WORK TO COMPLETE » Only a number is wanted: the count of lines in this listing that contain "assumes".

──────────

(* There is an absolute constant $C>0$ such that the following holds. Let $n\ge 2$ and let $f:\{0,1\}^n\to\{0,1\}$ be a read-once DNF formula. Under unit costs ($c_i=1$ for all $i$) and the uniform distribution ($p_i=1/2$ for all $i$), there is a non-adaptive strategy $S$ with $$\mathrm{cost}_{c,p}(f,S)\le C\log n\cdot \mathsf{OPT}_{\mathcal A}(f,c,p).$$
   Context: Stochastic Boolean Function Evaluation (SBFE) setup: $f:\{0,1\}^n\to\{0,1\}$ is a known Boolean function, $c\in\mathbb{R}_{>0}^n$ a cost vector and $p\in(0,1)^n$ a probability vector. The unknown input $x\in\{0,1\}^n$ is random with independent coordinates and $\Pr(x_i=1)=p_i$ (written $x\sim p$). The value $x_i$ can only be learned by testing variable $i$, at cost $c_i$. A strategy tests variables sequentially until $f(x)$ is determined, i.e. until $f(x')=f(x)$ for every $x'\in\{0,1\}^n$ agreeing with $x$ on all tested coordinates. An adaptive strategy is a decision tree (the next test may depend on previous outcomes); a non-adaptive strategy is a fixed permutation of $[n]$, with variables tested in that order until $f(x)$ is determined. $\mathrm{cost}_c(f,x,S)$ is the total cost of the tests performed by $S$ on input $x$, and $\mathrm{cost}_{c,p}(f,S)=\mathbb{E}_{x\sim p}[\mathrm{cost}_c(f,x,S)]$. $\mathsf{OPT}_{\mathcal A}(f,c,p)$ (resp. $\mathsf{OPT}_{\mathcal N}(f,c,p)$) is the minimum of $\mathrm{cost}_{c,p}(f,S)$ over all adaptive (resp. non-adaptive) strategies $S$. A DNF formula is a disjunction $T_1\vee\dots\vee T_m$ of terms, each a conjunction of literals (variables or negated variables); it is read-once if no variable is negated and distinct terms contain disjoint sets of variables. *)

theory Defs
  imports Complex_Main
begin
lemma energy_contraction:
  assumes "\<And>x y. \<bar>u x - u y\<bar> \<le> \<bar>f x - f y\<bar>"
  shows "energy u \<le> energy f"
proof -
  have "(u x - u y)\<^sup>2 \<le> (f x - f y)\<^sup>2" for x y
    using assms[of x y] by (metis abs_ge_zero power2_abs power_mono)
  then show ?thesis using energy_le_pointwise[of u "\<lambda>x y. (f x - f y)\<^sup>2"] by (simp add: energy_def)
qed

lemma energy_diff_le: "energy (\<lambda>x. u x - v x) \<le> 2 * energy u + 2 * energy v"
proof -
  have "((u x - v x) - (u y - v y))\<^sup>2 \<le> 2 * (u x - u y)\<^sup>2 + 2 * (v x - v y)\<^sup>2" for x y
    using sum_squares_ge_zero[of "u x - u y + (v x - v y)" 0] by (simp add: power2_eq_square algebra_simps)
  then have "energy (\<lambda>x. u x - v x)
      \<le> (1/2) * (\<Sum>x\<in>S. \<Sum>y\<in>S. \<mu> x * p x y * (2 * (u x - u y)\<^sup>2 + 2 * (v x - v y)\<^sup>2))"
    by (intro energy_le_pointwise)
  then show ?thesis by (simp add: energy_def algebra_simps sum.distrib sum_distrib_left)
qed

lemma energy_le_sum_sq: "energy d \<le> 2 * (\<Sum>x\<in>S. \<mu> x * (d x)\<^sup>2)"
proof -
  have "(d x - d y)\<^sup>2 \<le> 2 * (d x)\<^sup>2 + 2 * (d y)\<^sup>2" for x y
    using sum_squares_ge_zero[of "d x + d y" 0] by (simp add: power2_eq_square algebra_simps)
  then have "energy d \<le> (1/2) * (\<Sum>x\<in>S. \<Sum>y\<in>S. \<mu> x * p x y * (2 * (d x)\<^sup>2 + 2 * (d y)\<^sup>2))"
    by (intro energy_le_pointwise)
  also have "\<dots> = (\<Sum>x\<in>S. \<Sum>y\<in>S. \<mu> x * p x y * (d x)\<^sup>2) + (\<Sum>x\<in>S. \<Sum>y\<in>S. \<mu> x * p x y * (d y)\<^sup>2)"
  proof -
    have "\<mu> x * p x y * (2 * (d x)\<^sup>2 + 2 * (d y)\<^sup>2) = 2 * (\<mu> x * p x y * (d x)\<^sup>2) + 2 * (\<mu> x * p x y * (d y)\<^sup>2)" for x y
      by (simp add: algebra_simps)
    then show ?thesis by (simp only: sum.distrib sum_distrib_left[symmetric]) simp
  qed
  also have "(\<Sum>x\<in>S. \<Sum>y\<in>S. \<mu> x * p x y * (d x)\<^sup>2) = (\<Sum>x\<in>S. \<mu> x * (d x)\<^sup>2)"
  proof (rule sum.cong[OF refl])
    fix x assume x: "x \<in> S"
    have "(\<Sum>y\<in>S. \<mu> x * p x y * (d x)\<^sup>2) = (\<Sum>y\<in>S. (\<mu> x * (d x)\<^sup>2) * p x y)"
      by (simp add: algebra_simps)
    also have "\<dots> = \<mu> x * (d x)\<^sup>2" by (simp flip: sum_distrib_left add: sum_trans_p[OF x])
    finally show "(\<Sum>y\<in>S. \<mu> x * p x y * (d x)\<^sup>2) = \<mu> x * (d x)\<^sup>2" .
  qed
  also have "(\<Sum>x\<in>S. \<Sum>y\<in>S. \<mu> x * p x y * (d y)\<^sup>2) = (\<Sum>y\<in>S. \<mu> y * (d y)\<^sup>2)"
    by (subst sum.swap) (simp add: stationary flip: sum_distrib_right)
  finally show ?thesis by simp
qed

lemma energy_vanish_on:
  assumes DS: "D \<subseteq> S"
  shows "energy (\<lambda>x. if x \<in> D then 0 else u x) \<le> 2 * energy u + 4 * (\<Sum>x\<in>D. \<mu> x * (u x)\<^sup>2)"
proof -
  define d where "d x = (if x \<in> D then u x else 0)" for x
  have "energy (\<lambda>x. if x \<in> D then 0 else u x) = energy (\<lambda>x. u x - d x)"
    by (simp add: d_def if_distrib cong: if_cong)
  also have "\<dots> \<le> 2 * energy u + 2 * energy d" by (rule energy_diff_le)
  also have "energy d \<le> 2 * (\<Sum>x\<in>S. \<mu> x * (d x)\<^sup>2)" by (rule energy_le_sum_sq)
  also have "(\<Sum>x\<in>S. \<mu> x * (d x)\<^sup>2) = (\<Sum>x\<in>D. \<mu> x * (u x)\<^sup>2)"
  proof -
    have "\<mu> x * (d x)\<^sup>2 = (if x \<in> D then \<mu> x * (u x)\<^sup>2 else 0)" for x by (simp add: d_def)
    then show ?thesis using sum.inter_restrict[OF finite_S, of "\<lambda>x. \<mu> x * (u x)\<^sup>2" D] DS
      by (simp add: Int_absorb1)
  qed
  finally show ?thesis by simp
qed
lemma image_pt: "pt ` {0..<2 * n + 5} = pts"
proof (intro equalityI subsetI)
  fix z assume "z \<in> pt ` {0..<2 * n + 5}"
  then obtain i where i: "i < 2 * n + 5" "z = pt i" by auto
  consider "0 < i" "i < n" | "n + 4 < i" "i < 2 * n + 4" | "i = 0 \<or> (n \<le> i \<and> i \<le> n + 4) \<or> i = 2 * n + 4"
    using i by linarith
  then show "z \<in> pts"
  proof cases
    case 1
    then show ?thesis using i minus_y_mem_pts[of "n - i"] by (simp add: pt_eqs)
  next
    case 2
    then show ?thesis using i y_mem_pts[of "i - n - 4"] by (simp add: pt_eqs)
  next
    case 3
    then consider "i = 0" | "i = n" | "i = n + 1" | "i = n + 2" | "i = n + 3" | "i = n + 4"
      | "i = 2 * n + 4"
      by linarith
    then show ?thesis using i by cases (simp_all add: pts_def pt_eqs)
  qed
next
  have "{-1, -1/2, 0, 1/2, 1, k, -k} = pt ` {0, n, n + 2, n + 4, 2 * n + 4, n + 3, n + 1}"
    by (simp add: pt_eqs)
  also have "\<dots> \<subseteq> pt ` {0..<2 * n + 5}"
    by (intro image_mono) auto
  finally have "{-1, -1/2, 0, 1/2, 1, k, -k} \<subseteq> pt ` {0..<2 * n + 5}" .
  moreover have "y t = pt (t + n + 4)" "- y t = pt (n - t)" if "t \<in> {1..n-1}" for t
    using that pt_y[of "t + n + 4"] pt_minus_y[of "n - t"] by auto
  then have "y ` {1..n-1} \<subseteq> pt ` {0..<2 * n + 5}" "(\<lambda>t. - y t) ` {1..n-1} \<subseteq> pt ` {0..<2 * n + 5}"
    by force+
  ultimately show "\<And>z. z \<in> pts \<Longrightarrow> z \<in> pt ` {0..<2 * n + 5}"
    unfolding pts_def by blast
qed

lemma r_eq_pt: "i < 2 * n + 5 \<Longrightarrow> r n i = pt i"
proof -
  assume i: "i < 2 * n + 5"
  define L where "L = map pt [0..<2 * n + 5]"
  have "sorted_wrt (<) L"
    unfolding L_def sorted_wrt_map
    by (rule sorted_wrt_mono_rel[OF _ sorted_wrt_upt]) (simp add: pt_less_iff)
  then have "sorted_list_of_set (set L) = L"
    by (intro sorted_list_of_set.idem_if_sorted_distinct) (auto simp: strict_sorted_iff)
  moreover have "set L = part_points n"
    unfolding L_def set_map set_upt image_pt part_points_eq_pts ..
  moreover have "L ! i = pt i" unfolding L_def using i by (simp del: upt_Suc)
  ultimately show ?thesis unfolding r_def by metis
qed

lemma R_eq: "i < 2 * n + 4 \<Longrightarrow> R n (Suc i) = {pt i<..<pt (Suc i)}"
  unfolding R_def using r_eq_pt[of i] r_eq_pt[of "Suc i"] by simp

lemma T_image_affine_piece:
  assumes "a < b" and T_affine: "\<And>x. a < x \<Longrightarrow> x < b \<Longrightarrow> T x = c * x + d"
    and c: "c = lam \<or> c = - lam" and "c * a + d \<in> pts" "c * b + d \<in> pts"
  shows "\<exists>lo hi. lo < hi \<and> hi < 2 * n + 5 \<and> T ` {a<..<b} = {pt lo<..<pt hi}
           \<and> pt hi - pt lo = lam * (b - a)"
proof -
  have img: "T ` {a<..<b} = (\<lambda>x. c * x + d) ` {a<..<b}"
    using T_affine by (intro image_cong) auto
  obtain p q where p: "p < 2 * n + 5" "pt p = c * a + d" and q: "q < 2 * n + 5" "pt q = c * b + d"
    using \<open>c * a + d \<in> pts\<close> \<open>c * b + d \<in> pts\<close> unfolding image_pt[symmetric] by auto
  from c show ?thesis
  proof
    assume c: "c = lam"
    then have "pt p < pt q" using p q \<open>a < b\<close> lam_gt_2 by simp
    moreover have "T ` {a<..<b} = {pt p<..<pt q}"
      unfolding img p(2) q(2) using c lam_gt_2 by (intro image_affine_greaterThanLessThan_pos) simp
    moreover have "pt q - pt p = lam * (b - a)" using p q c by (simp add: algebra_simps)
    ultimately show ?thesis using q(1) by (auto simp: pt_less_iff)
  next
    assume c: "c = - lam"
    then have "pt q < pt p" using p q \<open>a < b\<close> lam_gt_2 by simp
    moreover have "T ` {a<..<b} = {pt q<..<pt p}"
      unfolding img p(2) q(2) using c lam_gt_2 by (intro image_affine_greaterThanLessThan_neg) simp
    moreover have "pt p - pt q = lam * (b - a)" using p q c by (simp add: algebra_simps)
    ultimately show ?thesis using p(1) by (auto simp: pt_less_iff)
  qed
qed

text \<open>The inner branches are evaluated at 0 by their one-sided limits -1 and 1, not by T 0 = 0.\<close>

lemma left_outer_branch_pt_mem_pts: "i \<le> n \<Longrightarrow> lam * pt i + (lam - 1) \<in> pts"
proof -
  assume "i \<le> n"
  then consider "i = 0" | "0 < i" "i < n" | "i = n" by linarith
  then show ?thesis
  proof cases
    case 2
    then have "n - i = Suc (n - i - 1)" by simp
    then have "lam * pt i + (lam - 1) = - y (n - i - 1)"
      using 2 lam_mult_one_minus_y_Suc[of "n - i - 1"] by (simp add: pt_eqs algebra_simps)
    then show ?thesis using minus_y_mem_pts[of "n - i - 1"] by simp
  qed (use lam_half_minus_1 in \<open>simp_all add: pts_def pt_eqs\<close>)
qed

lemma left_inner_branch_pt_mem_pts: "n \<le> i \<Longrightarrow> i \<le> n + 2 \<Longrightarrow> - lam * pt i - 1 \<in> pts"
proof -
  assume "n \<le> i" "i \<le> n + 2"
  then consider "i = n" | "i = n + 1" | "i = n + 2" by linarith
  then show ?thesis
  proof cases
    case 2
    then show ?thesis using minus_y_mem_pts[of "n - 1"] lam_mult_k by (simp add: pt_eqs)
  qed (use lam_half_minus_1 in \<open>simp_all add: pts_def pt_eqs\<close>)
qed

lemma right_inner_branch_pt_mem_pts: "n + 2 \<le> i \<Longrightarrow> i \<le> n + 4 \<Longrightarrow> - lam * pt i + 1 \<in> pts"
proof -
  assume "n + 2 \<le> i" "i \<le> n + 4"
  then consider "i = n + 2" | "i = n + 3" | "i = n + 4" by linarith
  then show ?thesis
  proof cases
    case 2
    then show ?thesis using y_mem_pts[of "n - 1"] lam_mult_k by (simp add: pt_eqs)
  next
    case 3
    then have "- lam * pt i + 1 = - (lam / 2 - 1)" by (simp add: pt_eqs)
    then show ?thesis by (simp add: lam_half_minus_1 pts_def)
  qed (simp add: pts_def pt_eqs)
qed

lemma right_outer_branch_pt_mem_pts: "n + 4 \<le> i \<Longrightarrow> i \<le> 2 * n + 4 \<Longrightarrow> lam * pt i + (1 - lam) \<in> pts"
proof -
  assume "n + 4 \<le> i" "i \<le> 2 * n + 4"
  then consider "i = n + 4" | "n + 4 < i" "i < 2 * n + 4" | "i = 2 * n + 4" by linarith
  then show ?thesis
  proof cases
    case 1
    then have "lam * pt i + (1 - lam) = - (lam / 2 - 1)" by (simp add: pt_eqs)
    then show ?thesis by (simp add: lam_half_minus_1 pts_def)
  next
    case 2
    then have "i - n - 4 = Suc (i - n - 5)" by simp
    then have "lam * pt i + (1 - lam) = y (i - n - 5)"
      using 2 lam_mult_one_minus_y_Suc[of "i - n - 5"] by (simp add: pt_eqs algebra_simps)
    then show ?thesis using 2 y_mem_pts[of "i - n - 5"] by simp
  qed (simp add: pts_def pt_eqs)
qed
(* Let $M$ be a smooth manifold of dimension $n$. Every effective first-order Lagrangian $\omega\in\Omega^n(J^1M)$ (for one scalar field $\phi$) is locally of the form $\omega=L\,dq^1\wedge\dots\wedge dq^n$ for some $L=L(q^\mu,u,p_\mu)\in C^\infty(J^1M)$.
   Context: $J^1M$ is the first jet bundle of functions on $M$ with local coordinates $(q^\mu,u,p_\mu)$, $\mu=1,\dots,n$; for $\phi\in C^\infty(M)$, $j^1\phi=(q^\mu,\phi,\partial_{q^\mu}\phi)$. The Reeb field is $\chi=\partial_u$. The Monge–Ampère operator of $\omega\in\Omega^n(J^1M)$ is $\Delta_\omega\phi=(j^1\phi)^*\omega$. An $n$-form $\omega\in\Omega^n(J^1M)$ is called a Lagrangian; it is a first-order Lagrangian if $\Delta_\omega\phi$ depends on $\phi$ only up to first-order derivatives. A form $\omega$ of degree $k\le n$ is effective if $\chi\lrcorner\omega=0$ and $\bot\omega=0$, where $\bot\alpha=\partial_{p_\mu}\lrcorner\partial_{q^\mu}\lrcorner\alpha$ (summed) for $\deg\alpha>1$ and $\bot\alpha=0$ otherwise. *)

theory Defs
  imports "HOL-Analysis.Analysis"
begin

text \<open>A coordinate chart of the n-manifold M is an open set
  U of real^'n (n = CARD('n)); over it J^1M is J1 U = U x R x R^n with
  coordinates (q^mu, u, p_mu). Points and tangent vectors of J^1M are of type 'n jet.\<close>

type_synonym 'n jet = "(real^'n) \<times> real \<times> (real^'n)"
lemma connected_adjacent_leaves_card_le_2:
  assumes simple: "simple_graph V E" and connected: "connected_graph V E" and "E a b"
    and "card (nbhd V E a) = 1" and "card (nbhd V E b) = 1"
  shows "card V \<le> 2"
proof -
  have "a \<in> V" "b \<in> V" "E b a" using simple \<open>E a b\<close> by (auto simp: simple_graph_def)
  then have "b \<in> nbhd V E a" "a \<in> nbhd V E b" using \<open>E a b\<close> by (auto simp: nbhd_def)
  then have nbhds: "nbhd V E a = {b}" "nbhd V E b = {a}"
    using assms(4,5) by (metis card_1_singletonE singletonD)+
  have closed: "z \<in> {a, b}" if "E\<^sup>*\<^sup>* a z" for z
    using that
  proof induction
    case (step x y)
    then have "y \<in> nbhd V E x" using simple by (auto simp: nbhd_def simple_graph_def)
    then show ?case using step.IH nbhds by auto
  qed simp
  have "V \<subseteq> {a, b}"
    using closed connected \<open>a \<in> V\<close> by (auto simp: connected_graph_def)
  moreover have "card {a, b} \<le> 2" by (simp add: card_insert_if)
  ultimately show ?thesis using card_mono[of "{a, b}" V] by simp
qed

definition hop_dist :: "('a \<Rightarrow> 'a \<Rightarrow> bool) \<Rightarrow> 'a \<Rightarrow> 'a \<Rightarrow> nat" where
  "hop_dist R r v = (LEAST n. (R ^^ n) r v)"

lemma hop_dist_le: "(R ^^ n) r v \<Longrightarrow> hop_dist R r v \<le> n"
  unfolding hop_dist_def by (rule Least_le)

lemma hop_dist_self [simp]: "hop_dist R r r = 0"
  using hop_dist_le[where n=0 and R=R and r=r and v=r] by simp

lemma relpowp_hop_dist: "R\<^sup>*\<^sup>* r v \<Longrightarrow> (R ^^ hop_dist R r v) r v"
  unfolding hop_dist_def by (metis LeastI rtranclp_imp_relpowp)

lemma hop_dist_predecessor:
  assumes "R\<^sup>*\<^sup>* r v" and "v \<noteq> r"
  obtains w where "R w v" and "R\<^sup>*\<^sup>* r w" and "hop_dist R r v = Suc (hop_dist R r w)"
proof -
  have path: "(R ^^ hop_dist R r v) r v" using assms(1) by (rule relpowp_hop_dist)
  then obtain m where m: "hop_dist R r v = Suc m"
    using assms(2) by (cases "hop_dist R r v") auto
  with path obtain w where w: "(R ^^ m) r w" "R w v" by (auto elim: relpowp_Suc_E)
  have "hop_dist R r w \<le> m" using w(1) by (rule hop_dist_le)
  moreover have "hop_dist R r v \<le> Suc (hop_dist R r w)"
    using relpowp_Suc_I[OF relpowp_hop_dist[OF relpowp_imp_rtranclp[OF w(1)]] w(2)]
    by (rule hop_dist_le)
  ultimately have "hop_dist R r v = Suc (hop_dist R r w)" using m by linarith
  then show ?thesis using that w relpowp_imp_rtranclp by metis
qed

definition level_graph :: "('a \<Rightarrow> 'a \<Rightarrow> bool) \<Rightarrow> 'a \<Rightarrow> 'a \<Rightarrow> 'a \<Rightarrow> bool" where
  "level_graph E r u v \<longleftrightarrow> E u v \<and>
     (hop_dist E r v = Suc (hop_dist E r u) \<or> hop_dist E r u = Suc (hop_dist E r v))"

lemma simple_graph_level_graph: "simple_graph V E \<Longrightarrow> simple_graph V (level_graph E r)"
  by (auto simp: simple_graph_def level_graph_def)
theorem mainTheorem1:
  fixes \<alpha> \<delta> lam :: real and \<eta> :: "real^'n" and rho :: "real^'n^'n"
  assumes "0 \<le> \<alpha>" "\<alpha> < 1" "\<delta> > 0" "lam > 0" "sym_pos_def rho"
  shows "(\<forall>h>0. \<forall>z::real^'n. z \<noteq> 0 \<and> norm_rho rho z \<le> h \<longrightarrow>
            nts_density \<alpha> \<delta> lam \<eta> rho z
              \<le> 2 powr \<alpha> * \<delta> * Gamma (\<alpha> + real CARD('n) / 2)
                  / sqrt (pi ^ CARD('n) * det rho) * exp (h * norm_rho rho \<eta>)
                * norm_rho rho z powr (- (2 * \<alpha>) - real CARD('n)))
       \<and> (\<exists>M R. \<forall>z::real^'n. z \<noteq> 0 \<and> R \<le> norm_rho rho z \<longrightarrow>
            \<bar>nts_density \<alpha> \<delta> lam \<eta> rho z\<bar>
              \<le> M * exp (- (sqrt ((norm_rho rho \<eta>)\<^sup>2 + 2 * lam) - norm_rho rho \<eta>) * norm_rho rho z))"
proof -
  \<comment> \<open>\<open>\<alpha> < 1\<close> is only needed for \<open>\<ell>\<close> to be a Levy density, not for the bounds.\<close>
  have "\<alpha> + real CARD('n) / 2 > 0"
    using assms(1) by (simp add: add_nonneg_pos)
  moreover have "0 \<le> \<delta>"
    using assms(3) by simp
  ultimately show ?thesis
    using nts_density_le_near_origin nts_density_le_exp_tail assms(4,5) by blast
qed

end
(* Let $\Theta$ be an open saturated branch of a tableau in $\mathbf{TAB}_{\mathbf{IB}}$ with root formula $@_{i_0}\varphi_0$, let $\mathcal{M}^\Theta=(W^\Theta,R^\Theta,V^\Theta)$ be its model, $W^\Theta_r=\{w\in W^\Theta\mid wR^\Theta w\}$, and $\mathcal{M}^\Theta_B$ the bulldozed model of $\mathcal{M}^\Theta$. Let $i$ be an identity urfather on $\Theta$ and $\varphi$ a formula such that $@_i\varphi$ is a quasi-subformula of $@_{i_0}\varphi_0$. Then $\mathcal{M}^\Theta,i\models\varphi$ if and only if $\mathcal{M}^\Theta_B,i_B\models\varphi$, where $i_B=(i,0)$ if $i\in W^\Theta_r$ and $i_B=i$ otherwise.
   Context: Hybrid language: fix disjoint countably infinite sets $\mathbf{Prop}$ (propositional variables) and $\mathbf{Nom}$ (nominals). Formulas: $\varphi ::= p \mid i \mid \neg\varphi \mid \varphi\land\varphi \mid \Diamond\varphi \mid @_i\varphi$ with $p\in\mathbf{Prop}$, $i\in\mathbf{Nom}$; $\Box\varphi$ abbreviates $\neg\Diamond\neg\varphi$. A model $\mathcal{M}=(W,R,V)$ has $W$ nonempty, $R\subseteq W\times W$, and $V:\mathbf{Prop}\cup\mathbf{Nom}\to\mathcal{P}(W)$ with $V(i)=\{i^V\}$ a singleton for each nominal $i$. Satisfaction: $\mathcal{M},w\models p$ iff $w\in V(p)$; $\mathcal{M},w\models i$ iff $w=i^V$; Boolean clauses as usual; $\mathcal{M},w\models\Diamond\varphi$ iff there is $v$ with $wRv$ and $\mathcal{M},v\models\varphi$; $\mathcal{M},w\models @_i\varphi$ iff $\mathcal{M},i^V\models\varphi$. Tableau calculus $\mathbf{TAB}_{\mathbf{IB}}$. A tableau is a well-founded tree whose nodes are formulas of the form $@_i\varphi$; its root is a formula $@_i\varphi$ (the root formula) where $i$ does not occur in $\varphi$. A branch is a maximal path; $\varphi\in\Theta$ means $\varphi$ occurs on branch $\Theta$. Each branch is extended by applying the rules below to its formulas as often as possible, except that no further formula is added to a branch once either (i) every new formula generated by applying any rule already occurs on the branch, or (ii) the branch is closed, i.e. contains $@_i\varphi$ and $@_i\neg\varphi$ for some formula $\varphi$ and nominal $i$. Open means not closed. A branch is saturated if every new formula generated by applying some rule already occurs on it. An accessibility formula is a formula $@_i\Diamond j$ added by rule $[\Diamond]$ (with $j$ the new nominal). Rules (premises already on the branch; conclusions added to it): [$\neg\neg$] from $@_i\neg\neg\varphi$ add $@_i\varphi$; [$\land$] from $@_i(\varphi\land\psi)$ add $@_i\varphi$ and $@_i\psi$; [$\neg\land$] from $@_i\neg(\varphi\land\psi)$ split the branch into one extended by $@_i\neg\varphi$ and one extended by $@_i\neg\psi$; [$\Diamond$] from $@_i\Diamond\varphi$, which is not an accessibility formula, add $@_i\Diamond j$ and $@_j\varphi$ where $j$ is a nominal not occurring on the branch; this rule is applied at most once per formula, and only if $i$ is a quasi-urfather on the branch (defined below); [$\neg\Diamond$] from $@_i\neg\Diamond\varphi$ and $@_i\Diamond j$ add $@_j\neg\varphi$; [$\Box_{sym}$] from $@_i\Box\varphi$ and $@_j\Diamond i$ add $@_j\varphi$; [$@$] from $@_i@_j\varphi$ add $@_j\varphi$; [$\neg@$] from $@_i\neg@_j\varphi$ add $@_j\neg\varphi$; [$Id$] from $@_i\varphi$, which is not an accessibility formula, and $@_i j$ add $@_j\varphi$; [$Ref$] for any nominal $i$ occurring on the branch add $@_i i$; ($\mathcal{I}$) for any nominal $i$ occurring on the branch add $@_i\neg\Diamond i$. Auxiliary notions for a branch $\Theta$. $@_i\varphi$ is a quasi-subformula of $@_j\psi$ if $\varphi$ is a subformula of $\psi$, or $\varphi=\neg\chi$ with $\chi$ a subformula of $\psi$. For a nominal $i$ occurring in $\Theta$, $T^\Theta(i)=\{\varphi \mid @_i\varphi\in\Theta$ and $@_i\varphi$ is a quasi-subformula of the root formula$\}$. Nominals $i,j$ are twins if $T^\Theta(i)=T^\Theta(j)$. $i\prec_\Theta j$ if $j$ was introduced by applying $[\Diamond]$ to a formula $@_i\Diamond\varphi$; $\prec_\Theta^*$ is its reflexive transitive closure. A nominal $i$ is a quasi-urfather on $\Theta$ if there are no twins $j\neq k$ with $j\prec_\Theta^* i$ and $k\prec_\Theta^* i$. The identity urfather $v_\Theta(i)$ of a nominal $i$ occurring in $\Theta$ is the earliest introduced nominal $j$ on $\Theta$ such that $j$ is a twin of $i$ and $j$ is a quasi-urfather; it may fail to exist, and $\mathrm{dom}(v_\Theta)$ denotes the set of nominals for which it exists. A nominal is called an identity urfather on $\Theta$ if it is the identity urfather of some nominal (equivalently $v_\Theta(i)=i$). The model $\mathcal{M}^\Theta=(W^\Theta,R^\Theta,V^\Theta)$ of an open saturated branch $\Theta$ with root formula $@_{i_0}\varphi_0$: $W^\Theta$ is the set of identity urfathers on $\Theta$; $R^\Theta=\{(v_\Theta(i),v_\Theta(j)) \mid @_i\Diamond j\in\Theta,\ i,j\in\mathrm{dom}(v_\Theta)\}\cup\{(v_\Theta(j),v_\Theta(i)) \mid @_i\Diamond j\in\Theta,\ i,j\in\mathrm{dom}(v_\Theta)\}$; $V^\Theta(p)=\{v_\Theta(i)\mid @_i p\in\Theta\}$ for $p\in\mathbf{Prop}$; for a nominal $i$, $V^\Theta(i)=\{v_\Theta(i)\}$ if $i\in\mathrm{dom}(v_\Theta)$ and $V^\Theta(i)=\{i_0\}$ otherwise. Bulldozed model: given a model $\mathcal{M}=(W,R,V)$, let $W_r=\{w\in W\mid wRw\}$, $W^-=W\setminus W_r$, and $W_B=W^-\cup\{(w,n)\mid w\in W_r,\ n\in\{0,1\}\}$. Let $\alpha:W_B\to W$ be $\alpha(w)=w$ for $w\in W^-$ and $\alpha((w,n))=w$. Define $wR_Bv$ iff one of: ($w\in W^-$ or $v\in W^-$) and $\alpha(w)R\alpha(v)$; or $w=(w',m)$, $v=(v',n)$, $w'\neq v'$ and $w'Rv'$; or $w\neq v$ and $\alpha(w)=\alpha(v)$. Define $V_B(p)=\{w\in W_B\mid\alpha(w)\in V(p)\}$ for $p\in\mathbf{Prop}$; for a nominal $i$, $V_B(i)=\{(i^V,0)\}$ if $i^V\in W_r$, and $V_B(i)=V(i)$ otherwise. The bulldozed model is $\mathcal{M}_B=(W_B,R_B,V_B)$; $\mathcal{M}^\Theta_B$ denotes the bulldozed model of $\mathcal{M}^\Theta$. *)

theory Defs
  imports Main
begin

──────────

RESULT FOR THIS TASK » 6